Provides GPU-accelerated TreeSHAP computations for explaining tree-based model predictions, supporting standard, interventional, interaction, and Taylor interaction SHAP methods.

Description

This header defines the API for GPU TreeSHAP, which computes SHAP (SHapley Additive exPlanations) values for tree ensemble models efficiently on the GPU. It consists of the following components:

  • TreePathInfo<T>: A forward-declared template class that stores the internal path information extracted from a Treelite model, parameterized on float or double.
  • TreePathHandle: A std::variant holding either std::shared_ptr<TreePathInfo<float>> or std::shared_ptr<TreePathInfo<double>>, providing type-erased access to the path information.
  • FloatPointer: A std::variant<float*, double*> for type-erased data pointers.
  • extract_path_info: Extracts the tree path information from a Treelite model handle, returning a TreePathHandle.
  • gpu_treeshap: Computes standard TreeSHAP values.
  • gpu_treeshap_interventional: Computes interventional TreeSHAP values using a background dataset.
  • gpu_treeshap_interactions: Computes pairwise SHAP interaction values.
  • gpu_treeshap_taylor_interactions: Computes Taylor interaction SHAP values.

Usage

Use these functions to explain predictions from tree ensemble models (e.g., XGBoost, LightGBM, Random Forest) that have been loaded as Treelite models.

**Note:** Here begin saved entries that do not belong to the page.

(* Let $(X,d)$ be a complete doubling metric space. Let $(\delta_n)_{n\in\mathbb{N}}$ and $(\gamma_n)_{n\in\mathbb{N}}$ be decreasing sequences of positive reals with $\delta_n\le\gamma_n$ for all $n$, $\lim_{n\to\infty}\gamma_n=0$, $\lim_{n\to\infty}\log\delta_n/\log\delta_{n+1}=1$ and $\lim_{n\to\infty}\log\gamma_n/\log\delta_n=1$. For each $n\in\mathbb{N}$ let $\mathcal{Q}_n$ be a collection of pairwise disjoint Borel subsets of $X$ such that each $Q\in\mathcal{Q}_n$ contains a closed ball of radius $\delta_n$ and is contained in a closed ball of radius $\gamma_n$, and let $E=\bigcap_{n=1}^\infty\bigcup_{Q\in\mathcal{Q}_n}Q$. For $x\in X$ and $r>0$ let $\mathcal{Q}_n(x,r)=\{Q\in\mathcal{Q}_n: Q\cap B(x,r)\neq\emptyset\}$. Let $\mu$ be a non-atomic measure supported on $E$ and let $q\ge0$. Then for all $x\in\mathrm{spt}(\mu)$, \[ \tau_q(\mu,x)=\lim_{r\downarrow0}\liminf_{n\to\infty}\frac{\log\sum_{Q\in\mathcal{Q}_n(x,r)}\mu(Q)^q}{\log\delta_n}. \]
   Context: A metric space is doubling if there is an integer $N$ such that every closed ball $B(x,r)$ can be covered by $N$ closed balls of radius $r/2$. A "measure" means a nontrivial Borel regular outer measure defined on all subsets, finite on bounded sets; $\mathrm{spt}(\mu)$ is its support. A packing is a countable collection of pairwise disjoint closed balls; a $\delta$-packing of $A$ is a packing by balls of radius $\delta$ with centers in $A$. For compact $A\subset X$, $q\ge0$, $\delta>0$: $S_q(\mu,A,\delta)=\sup\{\sum_{B\in\mathcal{B}}\mu(B)^q:\mathcal{B}$ is a $\delta$-packing of $A\cap\mathrm{spt}(\mu)\}$ (with $0^q=0$ also for $q=0$), and the local $L^q$-spectrum is $\tau_q(\mu,x)=\lim_{r\downarrow0}\liminf_{\delta\downarrow0}\log S_q(\mu,B(x,r),\delta)/\log\delta$. *)

theory Defs
  imports "HOL-Analysis.Analysis"
begin

definition doubling_space :: "'a::metric_space itself \<Rightarrow> bool" where
  "doubling_space _ \<longleftrightarrow> (\<exists>N::nat. \<forall>(x::'a) r. r > 0 \<longrightarrow>
      (\<exists>C. finite C \<and> card C \<le> N \<and> cball x r \<subseteq> (\<Union>c\<in>C. cball c (r/2))))"

definition is_measure :: "('a::metric_space set \<Rightarrow> ennreal) \<Rightarrow> bool" where
  "is_measure \<mu> \<longleftrightarrow>
     \<mu> {} = 0 \<and>
     (\<forall>A B. A \<subseteq> B \<longrightarrow> \<mu> A \<le> \<mu> B) \<and>
     (\<forall>A::nat \<Rightarrow> 'a set. \<mu> (\<Union>i. A i) \<le> (\<Sum>i. \<mu> (A i))) \<and>
     (\<forall>B\<in>sets borel. \<forall>A. \<mu> A = \<mu> (A \<inter> B) + \<mu> (A - B)) \<and>
     (\<forall>A. \<exists>B\<in>sets borel. A \<subseteq> B \<and> \<mu> B = \<mu> A) \<and>
     (\<forall>A. bounded A \<longrightarrow> \<mu> A < \<infinity>) \<and>
     (\<exists>A. \<mu> A \<noteq> 0)"

definition spt :: "('a::metric_space set \<Rightarrow> ennreal) \<Rightarrow> 'a set" where
  "spt \<mu> = {x. \<forall>r>0. \<mu> (ball x r) > 0}"

definition delta_packing :: "real \<Rightarrow> 'a::metric_space set \<Rightarrow> 'a set set \<Rightarrow> bool" where
  "delta_packing \<delta> A \<B> \<longleftrightarrow> countable \<B> \<and>
     (\<forall>B1\<in>\<B>. \<forall>B2\<in>\<B>. B1 \<noteq> B2 \<longrightarrow> B1 \<inter> B2 = {}) \<and>
     (\<forall>B\<in>\<B>. \<exists>c\<in>A. B = cball c \<delta>)"

text \<open>mu(B)^q with the convention 0^q = 0 (also for q = 0); note 0 powr q = 0 in Isabelle.\<close>
definition mpow :: "('a set \<Rightarrow> ennreal) \<Rightarrow> real \<Rightarrow> 'a set \<Rightarrow> ennreal" where
  "mpow \<mu> q B = ennreal (enn2real (\<mu> B) powr q)"

definition S_q :: "('a::metric_space set \<Rightarrow> ennreal) \<Rightarrow> real \<Rightarrow> 'a set \<Rightarrow> real \<Rightarrow> ennreal" where
  "S_q \<mu> q A \<delta> = (SUP \<B>\<in>{\<B>. delta_packing \<delta> (A \<inter> spt \<mu>) \<B>}. \<Sum>\<^sub>\<infinity>B\<in>\<B>. mpow \<mu> q B)"

text \<open>Local L^q-spectrum (ratio of logarithms is base independent, so ln is used).\<close>
definition tau_q :: "('a::metric_space set \<Rightarrow> ennreal) \<Rightarrow> real \<Rightarrow> 'a \<Rightarrow> ereal" where
  "tau_q \<mu> q x = Lim (at_right 0) (\<lambda>r.
      Liminf (at_right 0) (\<lambda>\<delta>. ereal (ln (enn2real (S_q \<mu> q (cball x r) \<delta>)) / ln \<delta>)))"

end

theory Submission
  imports Defs
begin

text \<open>Both sides are lower exponents of \<open>q\<close>-th power sums over a family of disjoint sets of size
  about \<open>\<delta>\<close> near \<open>x\<close>: balls of a \<open>\<delta>\<close>-packing centred in the support, or the cells of
  \<open>Q n\<close>. In a doubling space a set of diameter \<open>O(\<gamma> n)\<close> meets only boundedly many members of
  either family (in terms of \<open>\<gamma> n / \<delta> (Suc n)\<close>), and the cells are covered, up to a
  \<open>\<mu>\<close>-null set, by balls around a maximal \<open>\<delta> n\<close>-separated subset of the support, which after a
  bounded colouring splits into packings. Hence for \<open>\<delta> (Suc n) \<le> d < \<delta> n\<close> the packing sum of
  \<open>B(x,r)\<close> at scale \<open>d\<close> and the cell sums of \<open>B(x,2r)\<close> at levels \<open>n\<close> and \<open>Suc n\<close> bound
  each other up to a factor \<open>C n\<close>, and the hypotheses on the ratios of logarithms make
  \<open>ln (C n)\<close> negligible against \<open>ln (\<delta> n)\<close>. So each lower exponent at radius \<open>r\<close> is
  squeezed between the other one at radii \<open>r/2\<close> and \<open>2r\<close>; as the packing exponent is monotone
  in \<open>r\<close>, both have the same limit as \<open>r \<rightarrow> 0\<close>.\<close>

lemma exists_colour_not_in_image:
  assumes "finite F" "card F < K"
  shows "\<exists>c<K. c \<notin> col ` F"
proof -
  have "card (col ` F) < K" using card_image_le[OF assms(1), of col] assms(2) by linarith
  then show ?thesis using card_mono[of "col ` F" "{..<K}"] assms(1) by auto
qed

lemma bounded_degree_colouring:
  assumes "finite Z" "\<And>z z'. adj z z' \<Longrightarrow> adj z' z"
    and "\<And>z. z \<in> Z \<Longrightarrow> card {z'\<in>Z. z' \<noteq> z \<and> adj z z'} < K"
  shows "\<exists>col. (\<forall>z\<in>Z. col z < K) \<and> (\<forall>z\<in>Z. \<forall>z'\<in>Z. z \<noteq> z' \<and> adj z z' \<longrightarrow> col z \<noteq> col z')"
  using assms
proof (induction Z rule: finite_induct)
  case empty
  show ?case by (rule exI[of _ "\<lambda>_. 0"]) simp
next
  case (insert a F)
  have deg_F: "card {z'\<in>F. z' \<noteq> z \<and> adj z z'} < K" if "z \<in> F" for z
  proof -
    have "card {z'\<in>F. z' \<noteq> z \<and> adj z z'} \<le> card {z'\<in>insert a F. z' \<noteq> z \<and> adj z z'}"
      by (rule card_mono) (use insert.hyps(1) in auto)
    also have "\<dots> < K" by (rule insert.prems(2)) (use that in simp)
    finally show ?thesis .
  qed
  from insert.IH[OF insert.prems(1) deg_F] obtain col where
    "(\<forall>z\<in>F. col z < K) \<and> (\<forall>z\<in>F. \<forall>z'\<in>F. z \<noteq> z' \<and> adj z z' \<longrightarrow> col z \<noteq> col z')" ..
  then have col_lt: "\<forall>z\<in>F. col z < K"
    and col_proper: "\<forall>z\<in>F. \<forall>z'\<in>F. z \<noteq> z' \<and> adj z z' \<longrightarrow> col z \<noteq> col z'"
    by blast+
  have "card {z'\<in>F. adj a z'} \<le> card {z'\<in>insert a F. z' \<noteq> a \<and> adj a z'}"
    by (rule card_mono) (use insert.hyps in auto)
  also have "\<dots> < K" by (rule insert.prems(2)) simp
  finally obtain c where c: "c < K" "c \<notin> col ` {z'\<in>F. adj a z'}"
    using exists_colour_not_in_image[of "{z'\<in>F. adj a z'}" K col] insert.hyps(1) by auto
  define col' where "col' = col(a := c)"
  have new_colour: "col' z \<noteq> col' a" if "z \<in> F" "adj a z" for z
    using that c(2) insert.hyps(2) unfolding col'_def by auto
  have "col' z \<noteq> col' z'"
    if z: "z \<in> insert a F" "z' \<in> insert a F" "z \<noteq> z'" "adj z z'" for z z'
  proof -
    consider "z = a" | "z' = a" | "z \<in> F" "z' \<in> F" using z(1,2) by blast
    then show ?thesis
    proof cases
      case 1
      then show ?thesis using new_colour[of z'] z by auto
    next
      case 2
      then show ?thesis using new_colour[of z] z insert.prems(1) by auto
    next
      case 3
      then have "z \<noteq> a" "z' \<noteq> a" using insert.hyps(2) by auto
      then show ?thesis using col_proper 3 z(3,4) unfolding col'_def by simp
    qed
  qed
  moreover have "\<forall>z\<in>insert a F. col' z < K" using col_lt c(1) by (simp add: col'_def)
  ultimately show ?case by blast
qed

lemma powr_sum_le_card_powr:
  fixes b :: "'j \<Rightarrow> real"
  assumes S: "finite S" and K: "real (card S) \<le> K" "K \<ge> 1"
    and b: "\<And>j. j \<in> S \<Longrightarrow> b j \<ge> 0" and q: "q \<ge> 0"
  shows "(\<Sum>j\<in>S. b j) powr q \<le> K powr q * (\<Sum>j\<in>S. b j powr q)"
proof (cases "S = {}")
  case False
  define m where "m = Max (b ` S)"
  have "m \<in> b ` S" unfolding m_def using S False by simp
  then obtain j0 where j0: "j0 \<in> S" "m = b j0" by blast
  have m0: "m \<ge> 0" using b j0 by simp
  have "(\<Sum>j\<in>S. b j) \<le> real (card S) * m"
    using sum_bounded_above[of S b m] S unfolding m_def by simp
  also have "\<dots> \<le> K * m" using K(1) m0 by (rule mult_right_mono)
  finally have "(\<Sum>j\<in>S. b j) powr q \<le> (K * m) powr q"
    using b q by (intro powr_mono2 sum_nonneg) auto
  also have "\<dots> = K powr q * m powr q" using K(2) m0 by (simp add: powr_mult)
  also have "\<dots> \<le> K powr q * (\<Sum>j\<in>S. b j powr q)"
    unfolding j0(2) using j0(1) S by (intro mult_left_mono member_le_sum) auto
  finally show ?thesis .
qed simp

lemma sum_powr_le_bounded_incidence:
  fixes a :: "'i \<Rightarrow> real" and b :: "'j \<Rightarrow> real"
  assumes I: "finite I" and J: "finite J" and K: "K \<ge> 1" and q: "q \<ge> 0"
    and a0: "\<And>i. i \<in> I \<Longrightarrow> a i \<ge> 0" and b0: "\<And>j. j \<in> J \<Longrightarrow> b j \<ge> 0"
    and ab: "\<And>i. i \<in> I \<Longrightarrow> a i \<le> (\<Sum>j\<in>{j\<in>J. R i j}. b j)"
    and deg_I: "\<And>i. i \<in> I \<Longrightarrow> real (card {j\<in>J. R i j}) \<le> K"
    and deg_J: "\<And>j. j \<in> J \<Longrightarrow> real (card {i\<in>I. R i j}) \<le> K"
  shows "(\<Sum>i\<in>I. a i powr q) \<le> K powr (q+1) * (\<Sum>j\<in>J. b j powr q)"
proof -
  have "(\<Sum>i\<in>I. a i powr q) \<le> (\<Sum>i\<in>I. K powr q * (\<Sum>j\<in>{j\<in>J. R i j}. b j powr q))"
  proof (rule sum_mono)
    fix i assume i: "i \<in> I"
    have "a i powr q \<le> (\<Sum>j\<in>{j\<in>J. R i j}. b j) powr q"
      by (rule powr_mono2[OF q a0[OF i] ab[OF i]])
    also have "\<dots> \<le> K powr q * (\<Sum>j\<in>{j\<in>J. R i j}. b j powr q)"
      using J deg_I[OF i] K b0 q by (intro powr_sum_le_card_powr) auto
    finally show "a i powr q \<le> K powr q * (\<Sum>j\<in>{j\<in>J. R i j}. b j powr q)" .
  qed
  also have "\<dots> = K powr q * (\<Sum>j\<in>J. \<Sum>i\<in>{i\<in>I. R i j}. b j powr q)"
    by (simp add: sum_distrib_left[symmetric] sum.swap_restrict[OF I J])
  also have "\<dots> \<le> K powr q * (\<Sum>j\<in>J. K * b j powr q)"
    using deg_J by (intro mult_left_mono sum_mono) (auto intro: mult_right_mono)
  also have "\<dots> = K powr (q+1) * (\<Sum>j\<in>J. b j powr q)"
    using K by (simp add: powr_add sum_distrib_left mult.assoc)
  finally show ?thesis .
qed

lemma enn2real_le_sum:
  fixes a :: ennreal and f :: "'i \<Rightarrow> ennreal"
  assumes F: "finite F" and fin: "\<And>i. i \<in> F \<Longrightarrow> f i < top" and le: "a \<le> (\<Sum>i\<in>F. f i)"
  shows "enn2real a \<le> (\<Sum>i\<in>F. enn2real (f i))"
proof -
  have "(\<Sum>i\<in>F. f i) < top" using ennreal_sum_less_top[OF F] fin by blast
  then have "enn2real a \<le> enn2real (\<Sum>i\<in>F. f i)" by (rule enn2real_mono[OF le])
  also have "\<dots> = (\<Sum>i\<in>F. enn2real (f i))" using enn2real_sum[of F f] fin by simp
  finally show ?thesis .
qed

First call extract_path_info to prepare the tree structure, then call the appropriate gpu_treeshap* variant to compute SHAP values on GPU.

Code Reference

Source Location

  • Repository: Rapidsai_Cuml
  • File: cpp/include/cuml/explainer/tree_shap.hpp

Signature

namespace ML {
namespace Explainer {

template <typename T>
class TreePathInfo;

using TreePathHandle =
  std::variant<std::shared_ptr<TreePathInfo<float>>,
               std::shared_ptr<TreePathInfo<double>>>;

using FloatPointer = std::variant<float*, double*>;

TreePathHandle extract_path_info(TreeliteModelHandle model);

void gpu_treeshap(TreePathHandle path_info,
                  const FloatPointer data,
                  std::size_t n_rows,
                  std::size_t n_cols,
                  FloatPointer out_preds,
                  std::size_t out_preds_size);

void gpu_treeshap_interventional(TreePathHandle path_info,
                                 const FloatPointer data,
                                 std::size_t n_rows,
                                 std::size_t n_cols,
                                 const FloatPointer background_data,
                                 std::size_t background_n_rows,
                                 std::size_t background_n_cols,
                                 FloatPointer out_preds,
                                 std::size_t out_preds_size);

void gpu_treeshap_interactions(TreePathHandle path_info,
                               const FloatPointer data,
                               std::size_t n_rows,
                               std::size_t n_cols,
                               FloatPointer out_preds,
                               std::size_t out_preds_size);

void gpu_treeshap_taylor_interactions(TreePathHandle path_info,
                                      const FloatPointer data,
                                      std::size_t n_rows,
                                      std::size_t n_cols,
                                      FloatPointer out_preds,
                                      std::size_t out_preds_size);

}  // namespace Explainer
}  // namespace ML

Import

#include <cuml/explainer/tree_shap.hpp>

I/O Contract

Inputs (extract_path_info)

Name Type Required Description
model TreeliteModelHandle Yes Handle to a loaded Treelite model

Inputs (gpu_treeshap)

Name Type Required Description
path_info TreePathHandle Yes Tree path information extracted from the model
data const FloatPointer Yes Device pointer to the input feature matrix [n_rows x n_cols]
n_rows std::size_t Yes Number of rows in the data
n_cols std::size_t Yes Number of columns (features) in the data
out_preds_size std::size_t Yes Size of the output predictions buffer

Inputs (gpu_treeshap_interventional, additional)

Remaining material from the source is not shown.